LETTRE OUVERTE AUX HOMMES ET FEMMES POLITIQUES DU MALI

Chers voisins et parents.

Au Sénégal nous avons tenu des Assises Nationales en 2008-2009, qui ont généré une production riche en analyses diagnostics et recommandations pour une refondation du Sénégal après 50 ans d’une indépendance octroyée.

Malheureusement le gouvernement installé après l’alternance de 2012, n’a pas estimé propice de s’approprier le fruit de ce travail.

Je souhaite de tout cœur que cette initiative puisse vous inspirer.

Je me permets de vous écrire parce que je suis d’une certaine manière tout aussi Malien que Sénégalais. Je suis le neveu de Seydou Badian Kouyaté. Il avait épousé la sœur de ma mère. Son épouse Henriette Carvalho a accompagné tonton Seydou toute sa vie, durant ses années de prison et ses années d’exil tous deux dédiant leurs vies au Mali.

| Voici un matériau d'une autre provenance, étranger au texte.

lemma sum_join_UBS:
  assumes "finite U" "finite T1" "finite T2" "J1 ` T1 \<subseteq> U"
  shows "(\<Sum>(t1, t2)\<in>join (UBS p1 h c1 T1 J1) J1 (UBS p2 h c2 T2 J2) J2. W t1)
    = (\<Sum>v\<in>U. of_bool (h v < min p1 p2) * group_sum T1 J1 (\<lambda>t. W t * of_bool (c1 t)) v
                 * group_sum T2 J2 (\<lambda>t. of_bool (c2 t)) v)"
proof -
  have "(\<Sum>(t1, t2)\<in>join (UBS p1 h c1 T1 J1) J1 (UBS p2 h c2 T2 J2) J2. W t1)
      = (\<Sum>(t1, t2)\<in>join (UBS p1 h c1 T1 J1) J1 (UBS p2 h c2 T2 J2) J2. W t1 * 1)"
    by simp
  also have "\<dots> = (\<Sum>v\<in>U. group_sum (UBS p1 h c1 T1 J1) J1 W v
                        * group_sum (UBS p2 h c2 T2 J2) J2 (\<lambda>_. 1) v)"
    using assms by (intro sum_join_mult) (auto simp: UBS_def)
  also have "\<dots> = (\<Sum>v\<in>U. of_bool (h v < min p1 p2) * group_sum T1 J1 (\<lambda>t. W t * of_bool (c1 t)) v
                 * group_sum T2 J2 (\<lambda>t. of_bool (c2 t)) v)"
    using assms by (simp add: group_sum_UBS of_bool_conj mult_ac)
  finally show ?thesis .
qed

lemma cnt_eq_group_sum: "cnt T J v = group_sum T J (\<lambda>_. 1) v"
  by (simp add: cnt_def group_sum_def)

lemma cnt_mult_grp_mean:
  assumes "finite T"
  shows "cnt T J v * grp_mean T J W v = group_sum T J W v"
proof (cases "cnt T J v = 0")
  case True
  then have empty: "{t \<in> T. J t = v} = {}"
    using assms by (simp add: cnt_def)
  show ?thesis
    using True unfolding group_sum_def empty by simp
next
  case False
  then show ?thesis
    by (simp add: grp_mean_def group_sum_def)
qed

lemma cnt_mult_grp_second_moment:
  assumes "finite T"
  shows "cnt T J v * ((grp_mean T J W v)\<^sup>2 + grp_var T J W v) = group_sum T J (\<lambda>t. (W t)\<^sup>2) v"
proof (cases "cnt T J v = 0")
  case True
  then have empty: "{t \<in> T. J t = v} = {}"
    using assms by (simp add: cnt_def)
  show ?thesis
    using True unfolding group_sum_def empty by simp
next
  case False
  let ?m = "grp_mean T J W v"
  have "cnt T J v * grp_var T J W v = (\<Sum>t\<in>{t \<in> T. J t = v}. (W t - ?m)\<^sup>2)"
    using False by (simp add: grp_var_def)
  also have "\<dots> = group_sum T J (\<lambda>t. (W t)\<^sup>2) v - 2 * ?m * group_sum T J W v + cnt T J v * ?m\<^sup>2"
    by (simp add: group_sum_def cnt_def power2_diff sum.distrib sum_subtractf sum_distrib_left mult_ac)
  finally show ?thesis
    by (simp add: cnt_mult_grp_mean[OF assms, symmetric] algebra_simps power2_eq_square)
qed

abbreviation hash_space :: "'u set \<Rightarrow> ('u \<Rightarrow> real) measure" where
  "hash_space U \<equiv> PiM U (\<lambda>_. uniform_measure lborel {0..1::real})"

abbreviation coin_space :: "'i set \<Rightarrow> real \<Rightarrow> ('i \<Rightarrow> bool) measure" where
  "coin_space I q \<equiv> PiM I (\<lambda>_. measure_pmf (bernoulli_pmf q))"

lemma prob_space_unit_interval: "prob_space (uniform_measure lborel {0..1::real})"
  by (rule prob_space_uniform_measure) simp_all

lemma prob_space_hash_space: "prob_space (hash_space U)"
  by (intro prob_space_PiM prob_space_unit_interval)

lemma prob_space_coin_space: "prob_space (coin_space I q)"
  by (intro prob_space_PiM prob_space_measure_pmf)

lemma prob_space_ubs_model: "prob_space (ubs_model U I1 I2 q1 q2)"
  unfolding ubs_model_def by (intro prob_space_pair prob_space_hash_space prob_space_coin_space)

lemma
  fixes f :: "('u \<Rightarrow> real) \<Rightarrow> real" and g :: "('i \<Rightarrow> bool) \<Rightarrow> real" and k :: "('k \<Rightarrow> bool) \<Rightarrow> real"
  assumes "integrable (hash_space U) f" "integrable (coin_space I1 q1) g"
    and "integrable (coin_space I2 q2) k"
  shows integrable_ubs_model_mult:
      "integrable (ubs_model U I1 I2 q1 q2) (\<lambda>(h, c1, c2). f h * g c1 * k c2)"
    and integral_ubs_model_mult:
      "(\<integral>(h, c1, c2). f h * g c1 * k c2 \<partial>ubs_model U I1 I2 q1 q2)
         = integral\<^sup>L (hash_space U) f * integral\<^sup>L (coin_space I1 q1) g
           * integral\<^sup>L (coin_space I2 q2) k"
proof -
  interpret C: pair_sigma_finite "coin_space I1 q1" "coin_space I2 q2"
    by (simp add: pair_sigma_finite_def prob_space_imp_sigma_finite prob_space_coin_space)
  interpret M: pair_sigma_finite "hash_space U" "coin_space I1 q1 \<Otimes>\<^sub>M coin_space I2 q2"
    by (simp add: pair_sigma_finite_def prob_space_imp_sigma_finite prob_space_coin_space
        prob_space_hash_space prob_space_pair)
  have split: "(\<lambda>(h, c1, c2). f h * g c1 * k c2)
      = (\<lambda>z. f (fst z) * (\<lambda>c. g (fst c) * k (snd c)) (snd z))"
    by (auto simp: fun_eq_iff)
  have gk: "integrable (coin_space I1 q1 \<Otimes>\<^sub>M coin_space I2 q2) (\<lambda>c. g (fst c) * k (snd c))"
    using assms(2,3) by (rule C.integrable_pair_measure_mult)
  show "integrable (ubs_model U I1 I2 q1 q2) (\<lambda>(h, c1, c2). f h * g c1 * k c2)"
    unfolding ubs_model_def split using assms(1) gk by (rule M.integrable_pair_measure_mult)
  show "(\<integral>(h, c1, c2). f h * g c1 * k c2 \<partial>ubs_model U I1 I2 q1 q2)
      = integral\<^sup>L (hash_space U) f * integral\<^sup>L (coin_space I1 q1) g
        * integral\<^sup>L (coin_space I2 q2) k"
    unfolding ubs_model_def split M.integral_pair_measure_mult[OF assms(1) gk]
      C.integral_pair_measure_mult[OF assms(2,3)] by (simp add: mult.assoc)
qed

lemma
  assumes "finite U" "S \<subseteq> U" "0 \<le> p" "p \<le> 1"
  shows integrable_hash_space_below:
      "integrable (hash_space U) (\<lambda>h. \<Prod>v\<in>S. of_bool (h v < p) :: real)"
    and integral_hash_space_below:
      "(\<integral>h. (\<Prod>v\<in>S. of_bool (h v < p) :: real) \<partial>hash_space U) = p ^ card S"
proof -
  interpret unit: prob_space "uniform_measure lborel {0..1::real}"
    by (rule prob_space_unit_interval)
  have below: "of_bool (y < p) = indicator {..<p} y" for y :: real
    by (simp add: indicator_def)
  have below_integrable:
    "integrable (uniform_measure lborel {0..1::real}) (indicator {..<p} :: real \<Rightarrow> real)"
    using unit.emeasure_finite[of "{..<p}"]
    by (intro integrable_real_indicator)
       (simp_all add: less_top[symmetric] del: emeasure_uniform_measure)
  have "{0..1} \<inter> {..<p} = {0..<p}"
    using assms(4) by auto
  then have measure_below: "measure (uniform_measure lborel {0..1::real}) {..<p} = p"
    using assms(3) by simp
  show "integrable (hash_space U) (\<lambda>h. \<Prod>v\<in>S. of_bool (h v < p) :: real)"
    unfolding below
    using integrable_PiM_prod_iid[OF prob_space_unit_interval assms(1,2) below_integrable] .
  show "(\<integral>h. (\<Prod>v\<in>S. of_bool (h v < p) :: real) \<partial>hash_space U) = p ^ card S"
    unfolding below
    using integral_PiM_prod_iid[OF prob_space_unit_interval assms(1,2) below_integrable] measure_below
    by simp
qed

lemma
  assumes "finite T" "0 \<le> q" "q \<le> 1"
  shows integrable_coin_space_group_sum:
      "integrable (coin_space T q) (\<lambda>c. group_sum T J (\<lambda>t. f t * of_bool (c t)) v)"
    and integral_coin_space_group_sum:
      "(\<integral>c. group_sum T J (\<lambda>t. f t * of_bool (c t)) v \<partial>coin_space T q) = q * group_sum T J f v"
proof -
  have coin: "of_bool b = indicator {True} b" for b
    by (simp add: indicator_def)
  show "integrable (coin_space T q) (\<lambda>c. group_sum T J (\<lambda>t. f t * of_bool (c t)) v)"
    unfolding group_sum_def coin
    by (rule integrable_PiM_indicator_sum) (auto simp: assms(1) prob_space_measure_pmf)
  show "(\<integral>c. group_sum T J (\<lambda>t. f t * of_bool (c t)) v \<partial>coin_space T q) = q * group_sum T J f v"
    unfolding group_sum_def coin
    by (subst integral_PiM_indicator_sum) (auto simp: assms measure_pmf_single prob_space_measure_pmf)
qed

lemma
  assumes "finite T" "0 \<le> q" "q \<le> 1"
  shows integrable_coin_space_group_sum_mult:
      "integrable (coin_space T q)
         (\<lambda>c. group_sum T J (\<lambda>t. f t * of_bool (c t)) v * group_sum T J (\<lambda>t. f t * of_bool (c t)) w)"
    and integral_coin_space_group_sum_mult:
      "(\<integral>c. group_sum T J (\<lambda>t. f t * of_bool (c t)) v * group_sum T J (\<lambda>t. f t * of_bool (c t)) w
          \<partial>coin_space T q)
         = q\<^sup>2 * (group_sum T J f v * group_sum T J f w)
           + (q - q\<^sup>2) * (if v = w then group_sum T J (\<lambda>t. (f t)\<^sup>2) v else 0)"
proof -
  have coin: "of_bool b = indicator {True} b" for b
    by (simp add: indicator_def)
  have groups: "{t \<in> T. J t = v} \<inter> {t \<in> T. J t = w} = (if v = w then {t \<in> T. J t = v} else {})"
    by auto
  show "integrable (coin_space T q)
      (\<lambda>c. group_sum T J (\<lambda>t. f t * of_bool (c t)) v * group_sum T J (\<lambda>t. f t * of_bool (c t)) w)"
    unfolding group_sum_def coin
    by (rule integrable_PiM_indicator_sum_mult) (auto simp: assms(1) prob_space_measure_pmf)
  show "(\<integral>c. group_sum T J (\<lambda>t. f t * of_bool (c t)) v * group_sum T J (\<lambda>t. f t * of_bool (c t)) w
      \<partial>coin_space T q)
    = q\<^sup>2 * (group_sum T J f v * group_sum T J f w)
      + (q - q\<^sup>2) * (if v = w then group_sum T J (\<lambda>t. (f t)\<^sup>2) v else 0)"
    unfolding group_sum_def coin
    by (subst integral_PiM_indicator_sum_mult)
       (auto simp: assms measure_pmf_single groups power2_eq_square prob_space_measure_pmf)
qed

locale ubs_join =
  fixes U :: "'u set" and T1 :: "'i set" and T2 :: "'k set"
    and J1 :: "'i \<Rightarrow> 'u" and J2 :: "'k \<Rightarrow> 'u" and W :: "'i \<Rightarrow> real"
    and p q1 q2 :: real
  assumes finite: "finite U" "finite T1" "finite T2"
    and p: "0 < p" "p \<le> 1" and q1: "0 < q1" "q1 \<le> 1" and q2: "0 < q2" "q2 \<le> 1"
begin

lemma q1_range: "0 \<le> q1" "q1 \<le> 1" and q2_range: "0 \<le> q2" "q2 \<le> 1"
  using q1 q2 by auto

definition join_term :: "'u \<Rightarrow> ('u \<Rightarrow> real) \<times> ('i \<Rightarrow> bool) \<times> ('k \<Rightarrow> bool) \<Rightarrow> real" where
  "join_term v = (\<lambda>(h, c1, c2). of_bool (h v < p) * group_sum T1 J1 (\<lambda>t. W t * of_bool (c1 t)) v
                                 * group_sum T2 J2 (\<lambda>t. of_bool (c2 t)) v)"

lemma
  assumes "v \<in> U" "w \<in> U"
  shows integrable_join_term_mult:
      "integrable (ubs_model U T1 T2 q1 q2) (\<lambda>z. join_term v z * join_term w z)"
    and integral_join_term_mult:
      "(\<integral>z. join_term v z * join_term w z \<partial>ubs_model U T1 T2 q1 q2)
         = p ^ card {v, w}
           * (q1\<^sup>2 * (group_sum T1 J1 W v * group_sum T1 J1 W w)
              + (q1 - q1\<^sup>2) * (if v = w then group_sum T1 J1 (\<lambda>t. (W t)\<^sup>2) v else 0))
           * (q2\<^sup>2 * (group_sum T2 J2 (\<lambda>_. 1) v * group_sum T2 J2 (\<lambda>_. 1) w)
              + (q2 - q2\<^sup>2) * (if v = w then group_sum T2 J2 (\<lambda>_. 1) v else 0))"
proof -
  let ?X = "\<lambda>v c. group_sum T1 J1 (\<lambda>t. W t * of_bool (c t)) v"
  let ?Y = "\<lambda>v c. group_sum T2 J2 (\<lambda>t. of_bool (c t)) v"
  have product: "(\<lambda>z. join_term v z * join_term w z)
      = (\<lambda>(h, c1, c2). (\<Prod>u\<in>{v, w}. of_bool (h u < p)) * (?X v c1 * ?X w c1) * (?Y v c2 * ?Y w c2))"
    by (cases "v = w") (auto simp: join_term_def fun_eq_iff)
  have hash: "integrable (hash_space U) (\<lambda>h. \<Prod>u\<in>{v, w}. of_bool (h u < p) :: real)"
    "(\<integral>h. (\<Prod>u\<in>{v, w}. of_bool (h u < p) :: real) \<partial>hash_space U) = p ^ card {v, w}"
    using finite(1) assms p by (auto intro: integrable_hash_space_below integral_hash_space_below)
  note coin1 = integrable_coin_space_group_sum_mult[OF finite(2) q1_range]
    integral_coin_space_group_sum_mult[OF finite(2) q1_range]
  note coin2 = integrable_coin_space_group_sum_mult[OF finite(3) q2_range, of J2 "\<lambda>_. 1", simplified]
    integral_coin_space_group_sum_mult[OF finite(3) q2_range, of J2 "\<lambda>_. 1", simplified]
  show "integrable (ubs_model U T1 T2 q1 q2) (\<lambda>z. join_term v z * join_term w z)"
    unfolding product by (rule integrable_ubs_model_mult[OF hash(1) coin1(1) coin2(1)])
  show "(\<integral>z. join_term v z * join_term w z \<partial>ubs_model U T1 T2 q1 q2)
      = p ^ card {v, w}
        * (q1\<^sup>2 * (group_sum T1 J1 W v * group_sum T1 J1 W w)
           + (q1 - q1\<^sup>2) * (if v = w then group_sum T1 J1 (\<lambda>t. (W t)\<^sup>2) v else 0))
        * (q2\<^sup>2 * (group_sum T2 J2 (\<lambda>_. 1) v * group_sum T2 J2 (\<lambda>_. 1) w)
           + (q2 - q2\<^sup>2) * (if v = w then group_sum T2 J2 (\<lambda>_. 1) v else 0))"
    unfolding product integral_ubs_model_mult[OF hash(1) coin1(1) coin2(1)] hash(2) coin1(2) coin2(2)
    by simp
qed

Puissent leurs âmes reposer en paix!

Ce qui se passe au Mali nous concerne donc tous.

Mais ce que je ne comprends pas c’est votre précipitation à vouloir revenir au pouvoir le plus rapidement possible sans avoir réglé les dysfonctionnements qui ont mené au soulèvement populaire et au coup d’état. Alors que la situation sécuritaire rend impossible l’organisation d’élections libres et transparentes sur toute l’étendue du territoire national.Serez vous en mesure de garantir que tous les Maliens seront en situation d’exercer leur droit de vote et donc de sceller la légitimité d’un nouveau régime?

Qu’est ce qui vous fait croire que vous ferez mieux que IBK si vous ne balisez pas ensemble au préalable les voies menant au développement à la justice à la paix et à l’indépendance sans tutelle ?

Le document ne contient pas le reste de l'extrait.